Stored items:
lemma affine_minorant_le_F_cinf_comp:
  fixes f :: "real^'n \<Rightarrow> real" and X :: "'n \<Rightarrow> 'k \<Rightarrow> ereal"
  assumes X: "\<forall>i. X i \<in> \<E>" and f: "continuous_on UNIV f" and fX: "cinf_comp f X \<in> \<E>"
    and minorant: "\<forall>x. c + inner a x \<le> f x" and w: "\<forall>i. \<bar>F (X i) w\<bar> \<noteq> \<infinity>"
  shows "ereal (c + inner a (\<chi> i. real_of_ereal (F (X i) w))) \<le> F (cinf_comp f X) w"
proof -
  note ed = extremally_disconnected
  obtain xs :: "'n list" where xs: "set xs = UNIV" "distinct xs"
    using finite_distinct_list[of "UNIV :: 'n set"] by auto
  define L where "L Y = cadd (cscale c (\<lambda>_. 1)) (lincomb (($) a) Y xs)"
    for Y :: "'n \<Rightarrow> 'k \<Rightarrow> ereal"
  have L_in_E: "L Y \<in> \<E>" if "\<forall>i. Y i \<in> \<E>" for Y
    unfolding L_def using that by (intro cadd_in_E cscale_in_E one_in_E lincomb_in_E)
  have L_ereal: "L Y x = ereal (c + inner a (\<chi> i. real_of_ereal (Y i x)))"
    if Y: "\<forall>i. Y i \<in> \<E>" and x: "\<forall>i. \<bar>Y i x\<bar> \<noteq> \<infinity>" for Y x
  proof -
    have YC: "\<forall>i. Y i \<in> Cinf" using Y E_subset_Cinf by auto
    have "lincomb (($) a) Y xs x = ereal (inner a (\<chi> i. real_of_ereal (Y i x)))"
      using lincomb_ereal[OF ed YC x] xs
      by (simp add: sum_list_distinct_conv_sum_set inner_vec_def)
    moreover have "cscale c (\<lambda>_. 1) x = ereal (c * 1)"
      using one_in_E E_subset_Cinf by (intro cscale_ereal[OF ed]) auto
    ultimately show ?thesis
      unfolding L_def using one_in_E E_subset_Cinf lincomb_Cinf[OF ed YC]
        cscale_characterization[OF ed] by (subst cadd_ereal[OF ed]) auto
  qed
  have "L X \<le> cinf_comp f X"
  proof (rule le_if_le_on_dense)
    have XC: "\<forall>i. X i \<in> Cinf" using X E_subset_Cinf by auto
    show "closure (\<Inter>i. fin_set (X i)) = UNIV"
      using Cinf_common_fin_set_open_dense[OF XC] by blast
    show "continuous_on UNIV (L X)" "continuous_on UNIV (cinf_comp f X)"
      using L_in_E[OF X] fX E_subset_Cinf unfolding Cinf_def by auto
    show "\<forall>x\<in>\<Inter>i. fin_set (X i). L X x \<le> cinf_comp f X x"
      using L_ereal[OF X] cinf_comp_characterization[OF ed XC f] minorant
      unfolding fin_set_def by auto
  qed
  then have "F (L X) \<le> F (cinf_comp f X)" by (rule F_mono[OF L_in_E[OF X] fX])
  moreover have "F (L X) = L (\<lambda>i. F (X i))"
    unfolding L_def using X
    by (simp add: F_cadd F_cscale F_one F_lincomb one_in_E cscale_in_E lincomb_in_E)
  moreover have "L (\<lambda>i. F (X i)) w = ereal (c + inner a (\<chi> i. real_of_ereal (F (X i) w)))"
    using X w F_in_E by (intro L_ereal) auto
  ultimately show ?thesis by (metis le_funD)
qed

theorem conditional_jensen:
  fixes f :: "real^'n \<Rightarrow> real" and X :: "'n \<Rightarrow> 'k \<Rightarrow> ereal"
  assumes f: "continuous_on UNIV f" "convex_on UNIV f"
    and X: "\<forall>i. X i \<in> \<E>" and fX: "cinf_comp f X \<in> \<E>"
  shows "cinf_comp f (\<lambda>i. F (X i)) \<le> F (cinf_comp f X)"
proof (rule le_if_le_on_dense)
  let ?Y = "\<lambda>i. F (X i)"
  have Y: "\<forall>i. ?Y i \<in> Cinf" using X F_in_E E_subset_Cinf by auto
  note fY = cinf_comp_characterization[OF extremally_disconnected Y f(1)]
  show "closure (\<Inter>i. fin_set (?Y i)) = UNIV"
    using Cinf_common_fin_set_open_dense[OF Y] by blast
  show "continuous_on UNIV (cinf_comp f ?Y)" "continuous_on UNIV (F (cinf_comp f X))"
    using fY fX F_in_E E_subset_Cinf unfolding Cinf_def by auto
  show "\<forall>w\<in>\<Inter>i. fin_set (?Y i). cinf_comp f ?Y w \<le> F (cinf_comp f X) w"
  proof
    fix w assume "w \<in> (\<Inter>i. fin_set (?Y i))"
    then have w: "\<forall>i. \<bar>?Y i w\<bar> \<noteq> \<infinity>" by (simp add: fin_set_def)
    then have "cinf_comp f ?Y w = ereal (f (\<chi> i. real_of_ereal (?Y i w)))" using fY by blast
    also have "\<dots> \<le> F (cinf_comp f X) w"
      using affine_minorant_le_F_cinf_comp[OF X f(1) fX _ w]
      by (rule convex_on_le_if_affine_minorants_le[OF f])
    finally show "cinf_comp f ?Y w \<le> F (cinf_comp f X) w" .
  qed
qed

end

> _Your task_:
Repeat, exactly as they stand above, the lines from the line with "fin_set (X i)." to the line with "unfolding L_def using X", both lines included.

> _Completed task_:
    show "\<forall>x\<in>\<Inter>i. fin_set (X i). L X x \<le> cinf_comp f X x"
      using L_ereal[OF X] cinf_comp_characterization[OF ed XC f] minorant
      unfolding fin_set_def by auto
  qed
  then have "F (L X) \<le> F (cinf_comp f X)" by (rule F_mono[OF L_in_E[OF X] fX])
  moreover have "F (L X) = L (\<lambda>i. F (X i))"
    unfolding L_def using X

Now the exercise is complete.